In a special piece written for the MTC season of The Effect, playwright Lucy Prebble reflects on the nature of love and the power of art to connect with something deep inside all of us.
This play is probably the best thing I have ever done and the worst thing I have ever done. These contradictions seem to happen more and more as I get older. Or maybe I just notice them more. Things are the same and opposite. The heart has two ventricles. The brain, two differing halves.
We are always in a process of connecting the two, of sloshing blood and electricity between them. We are made to be in cycle – not just, I believe, in the safe prison of our own skin – but outside ourselves too. There is a faddish theory called ‘the extended mind’ which wonders if what you think of as your mind actually extends outside your skull. That may seem uncomfortable to those, like me, who make materialism our god, but it feels right when we think about art. Or love. If you break my heart does it really happen in my chest? Or does the act of breaking happen somewhere between you and I? A foot away from my hand as it goes to my mouth, at the height of your eyeline, just left of the stove? There is a journey between us that’s being halted. We are not so sealed if you can physically hurt me without touching me. A cycle is happening, in the space between us, and all sorts of emotional and physical symptoms might ensue. When we love each other we become porous. In every way. And when we wound each other too. God, it’s unbearable.

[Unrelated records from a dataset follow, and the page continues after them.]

(* Let $H(x,y)=\frac{y^2}{2}-\frac{x^2}{2}+\frac{x^4}{4}$. For $h>0$ let $\gamma(h)\subset\{H=h\}$ be the exterior oval of the real level set, oriented by the Hamiltonian vector field $\dot x=y,\ \dot y=x-x^3$. Define $I_0(h)=\oint_{\gamma(h)} y\,dx$ for $h>0$, and let $I_0$ also denote its analytic continuation to the complex domain $\mathcal D=\mathbb C\setminus(-\infty,0]$. Then neither $I_0(h)$ nor its derivative $I_0'(h)$ vanishes at any point $h\in\mathcal D$.
   Context: The integral $I_0(h)$, defined for real $h>0$, extends to a single-valued analytic function on $\mathcal D=\mathbb C\setminus(-\infty,0]$ (by continuous deformation of the cycle $\gamma(h)$ on the complex curve $\{(x,y)\in\mathbb C^2: H(x,y)=h\}$); the derivative $I_0'$ is that of this analytic continuation. *)

theory Defs
  imports "HOL-Complex_Analysis.Complex_Analysis"
begin

definition Ham :: "real \<Rightarrow> real \<Rightarrow> real" where
  "Ham x y = y^2/2 - x^2/2 + x^4/4"

text \<open>For h > 0 the real level set {H = h} is a single closed oval (the exterior oval),
  given by y = +/- sqrt(2 (h - V x)) with V x = Ham x 0 = -x^2/2 + x^4/4, for x in the interval
  where h - V x \<ge> 0.  Oriented by x' = y, y' = x - x^3, the upper branch is traversed
  left to right and the lower branch right to left, so the line integral of y dx equals
  twice the integral of the upper branch.\<close>
definition oval_xrange :: "real \<Rightarrow> real set" where
  "oval_xrange h = {x::real. Ham x 0 \<le> h}"

definition I0 :: "real \<Rightarrow> real" where
  "I0 h = 2 * integral (oval_xrange h) (\<lambda>x. sqrt (2 * (h - Ham x 0)))"

definition slitD :: "complex set" where
  "slitD = - complex_of_real ` {..0}"

end

theory Submission
  imports Defs
begin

Perhaps that’s why we watch and write plays. We can practise on fictional people. We have that cycle in the dark, touched by the actors and safe at the same time. I have started to think that art is just love interrupted. A so-called ‘normal’ person can engage in real time with another in a revolving, empathetic cycle. ‘You complete me’, we say. ‘Right back at you’, we say. It’s a special, constant communication with another. It’s being accepted fully; the topography of your mind laying on top of theirs, your heart curled up in their hands. But an artist only goes half the way. Then asks for you to meet them. Later.
As a writer with this play I wanted to express. I wanted to be known. I just didn’t want to be there when it happened. So I left these pieces of me abandoned on a page and hoped they’d complete the circuit for me. For a time I thought art was better than love – an end in itself. But it’s worse. It’s one side of a conversation I wasn’t brave enough to have. It’s eye contact with a mirror. It’s a broken bone. And a cast covers the fracture.
And the cast so valiantly hold it together. This abandoned hope. They so beautifully carry that love. They reach and repeat and emote in performing this play and hope you meet them halfway as an audience in understanding and feeling.
Thank you to them. And thank you to you. For completing things for me. I hope we all get to make it the whole way.